Per-project compressors without writing TypeScript. Drop a file into .opencode/qtk/filters/:

# .opencode/qtk/filters/kubectl-pods.toml
command = "kubectl get pods"
strip = ["^NAME\\s+READY"]
match = "^(?<name>\\S+)\\s+(?<ready>\\d+/\\d+)\\s+(?<status>\\S+)\\s+(?<restarts>\\d+)\\s+(?<age>\\S+)$"
group_by = "status"
template = "{status}: {n} ({joined.name})"
header = "{matched} pods total"
truncate = 30

Pipeline: pass_through_if → strip → dedupe → match → group_by → template → header/footer → truncate. Regexes compiled at load time. Hot-reloaded with 250 ms debounce. Errors per-file isolated.

Also ships scripts/import-rtk-filters.ts to translate a local git clone rtk-ai/rtk into QTK format (strips RTK-only keys, adds attribution headers, validates against QTK's spec).

Phase 3: Rust sidecar qtk-core

For heavy parsers where Rust's streaming parsers beat anything you'd write in JS:

  • JUnit XML — quick-xml streaming, picks the first meaningful failure line per test, caps to 20 failures shown
  • Terraform plan — regex-scan for resource headers, extracts the changed attributes for ~ updated in-place resources
  • kubectl get -o yaml/-o json — serde_json for JSON, conservative line-based pruning for YAML (drops managedFields, resourceVersion, etc.)
  • Cargo --message-format=json — collapses N artifact lines into a count, promotes errors with file:line:col

NDJSON protocol over stdin/stdout (one JSON object per line). Long-lived subprocess per session. The TS client:

  • Auto-restarts up to 3× on crash, then permanently disables
  • Per-request 1-second timeout, falls back to the TS path on stall
  • Lazy startup — first matching call awaits the binary; everything else passes through immediately
  • If the binary isn't installed, everything still works — QTK silently uses TS-only

Safety + privacy

  • No network code anywhere. The Rust crate has no HTTP deps. The TS plugin has no HTTP deps. We literally cannot phone home.
  • Tee files are mode 0o600, directory 0o700. Path-confined to the project root.
  • Secrets-aware redaction on tee files: AWS access keys, GitHub PATs, OpenAI keys (sk-...), Slack tokens (xoxb-...), Bearer ... headers — all redacted before write.
  • unsafe_code = "deny" in the Rust crate.
  • Circuit breaker: any compressor that throws 3× in a session is automatically disabled for the rest of the session.
  • Length-monotonicity guard: if a compressor ever produces output ≥ its input, the original is returned.

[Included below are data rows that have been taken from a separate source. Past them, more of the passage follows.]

lemma sum_coord_scale:
  assumes "finite F" "{b. coord x b \<noteq> 0} \<subseteq> F"
  shows "(\<Sum>b\<in>F. sc (coord x b) b) = x"
proof -
  have "(\<Sum>b\<in>F. sc (coord x b) b) = (\<Sum>b | coord x b \<noteq> 0. sc (coord x b) b)"
    using assms by (intro sum.mono_neutral_cong_right) auto
  also have "\<dots> = x"
    unfolding coord_def using basis_independent span_basis
    by (intro V.sum_nonzero_representation_eq) auto
  finally show ?thesis .
qed

lemma coord_nonzero: "x \<noteq> 0 \<Longrightarrow> \<exists>b. coord x b \<noteq> 0"
  using sum_coord_scale[of "{}" x] by auto

lemma eq_if_functionals_eq:
  assumes "\<And>\<phi>. functional \<phi> \<Longrightarrow> \<phi> x = \<phi> y"
  shows "x = y"
proof (rule ccontr)
  assume "x \<noteq> y"
  then obtain b where "coord (x - y) b \<noteq> 0"
    using coord_nonzero[of "x - y"] by auto
  then show False
    using assms[OF functional_coord[of b]] VK.linear_diff[OF functional_coord[of b]] by simp
qed

text \<open>
  A bilinear sum over a representative of a tensor
  is determined by its contractions with the coordinate functionals, and these only depend on the
  tensor because functionals separate points; this is what makes \<open>tensor2_eq\<close> usable.
\<close>
definition contract :: "('h \<Rightarrow> 'k) \<Rightarrow> ('h \<times> 'h) list \<Rightarrow> 'h" where
  "contract \<phi> ts = (\<Sum>(x,y)\<leftarrow>ts. sc (\<phi> x) y)"

lemma contract_eq_if_tensor2_eq:
  assumes "tensor2_eq sc xs ys" "functional \<kappa>"
  shows "contract \<kappa> xs = contract \<kappa> ys"
proof (rule eq_if_functionals_eq)
  fix \<chi> assume \<chi>: "functional \<chi>"
  have "\<chi> (contract \<kappa> zs) = (\<Sum>(x,y)\<leftarrow>zs. \<kappa> x * \<chi> y)" for zs
    by (simp add: contract_def functional_sum_list[OF \<chi>] VK.linear_scale[OF \<chi>] case_prod_unfold)
  then show "\<chi> (contract \<kappa> xs) = \<chi> (contract \<kappa> ys)"
    using assms \<chi> unfolding tensor2_eq_def by auto
qed

lemma contract_in_span_right_legs: "contract \<kappa> ts \<in> V.span (snd ` set ts)"
  unfolding contract_def case_prod_unfold
  by (intro V.span_sum_list V.span_scale V.span_base) auto

definition leg_support :: "('h \<times> 'c) list \<Rightarrow> 'h set" where
  "leg_support l = (\<Union>x\<in>fst ` set l. {b. coord x b \<noteq> 0})"

lemma finite_leg_support: "finite (leg_support l)"
  unfolding leg_support_def using finite_coord_support by auto

lemma sum_expand_first_leg:
  assumes "\<And>c. lin (\<lambda>x. g x c)" "finite F" "leg_support l \<subseteq> F"
  shows "(\<Sum>(x,c)\<leftarrow>l. g x c) = (\<Sum>b\<in>F. \<Sum>(x,c)\<leftarrow>l. sc (coord x b) (g b c))"
proof -
  have "g x c = (\<Sum>b\<in>F. sc (coord x b) (g b c))" if "x \<in> fst ` set l" for x c
  proof -
    have "{b. coord x b \<noteq> 0} \<subseteq> F"
      using that assms(3) unfolding leg_support_def by auto
    then have "g x c = g (\<Sum>b\<in>F. sc (coord x b) b) c"
      using sum_coord_scale[OF assms(2)] by simp
    also have "\<dots> = (\<Sum>b\<in>F. sc (coord x b) (g b c))"
      by (simp add: VV.linear_sum[OF assms(1)] VV.linear_scale[OF assms(1)])
    finally show ?thesis .
  qed
  then have "(\<Sum>(x,c)\<leftarrow>l. g x c) = (\<Sum>(x,c)\<leftarrow>l. \<Sum>b\<in>F. sc (coord x b) (g b c))"
    by (intro sum_list_pairs_cong) force
  also have "\<dots> = (\<Sum>b\<in>F. \<Sum>(x,c)\<leftarrow>l. sc (coord x b) (g b c))"
    using sum_list_sum_commute[where f="\<lambda>p b. sc (coord (fst p) b) (g b (snd p))" and xs=l]
    by (simp add: case_prod_unfold)
  finally show ?thesis .
qed

lemma sum_bilinear_contract:
  assumes "\<And>y. lin (\<lambda>x. f x y)" "\<And>x. lin (f x)" "finite F" "leg_support l \<subseteq> F"
  shows "(\<Sum>(x,y)\<leftarrow>l. f x y) = (\<Sum>b\<in>F. f b (contract (\<lambda>x. coord x b) l))"
proof -
  have "(\<Sum>(x,y)\<leftarrow>l. f x y) = (\<Sum>b\<in>F. \<Sum>(x,y)\<leftarrow>l. sc (coord x b) (f b y))"
    by (rule sum_expand_first_leg[OF assms(1,3,4)])
  also have "\<dots> = (\<Sum>b\<in>F. f b (contract (\<lambda>x. coord x b) l))"
    by (simp add: contract_def case_prod_unfold lin_sum_list[OF assms(2)] VV.linear_scale[OF assms(2)])
  finally show ?thesis .
qed

lemma sum_tensor2_eq:
  assumes "tensor2_eq sc xs ys" "\<And>y. lin (\<lambda>x. f x y)" "\<And>x. lin (f x)"
  shows "(\<Sum>(x,y)\<leftarrow>xs. f x y) = (\<Sum>(x,y)\<leftarrow>ys. f x y)"
proof -
  let ?F = "leg_support (xs @ ys)"
  have "(\<Sum>(x,y)\<leftarrow>zs. f x y) = (\<Sum>b\<in>?F. f b (contract (\<lambda>x. coord x b) zs))"
    if "zs \<in> {xs, ys}" for zs
    by (rule sum_bilinear_contract[OF assms(2,3) finite_leg_support])
      (use that in \<open>auto simp: leg_support_def\<close>)
  then show ?thesis
    by (simp add: contract_eq_if_tensor2_eq[OF assms(1) functional_coord])
qed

Compression should never make things worse.
  • Compressor panic in Rust is caught (catch_unwind) — turns into an error response, doesn't kill the sidecar.
  • Config paths are project-rooted — env-var overrides are deliberately NOT honoured (lesson from RTK's audit).

Install

Quickest path — npm (recommended for most users)

cd /path/to/your/opencode-project
bun add @qalarc/qtk-plugin

Then add to .opencode/opencode.jsonc:

{
  "plugin": [
    "@qalarc/qtk-plugin"
  ]
}

Restart opencode. Done. For the optional Rust sidecar that handles heavy parsers (JUnit XML, terraform plan, kubectl YAML/JSON, cargo JSON), download the prebuilt binary for your platform from releases — the plugin auto-detects it.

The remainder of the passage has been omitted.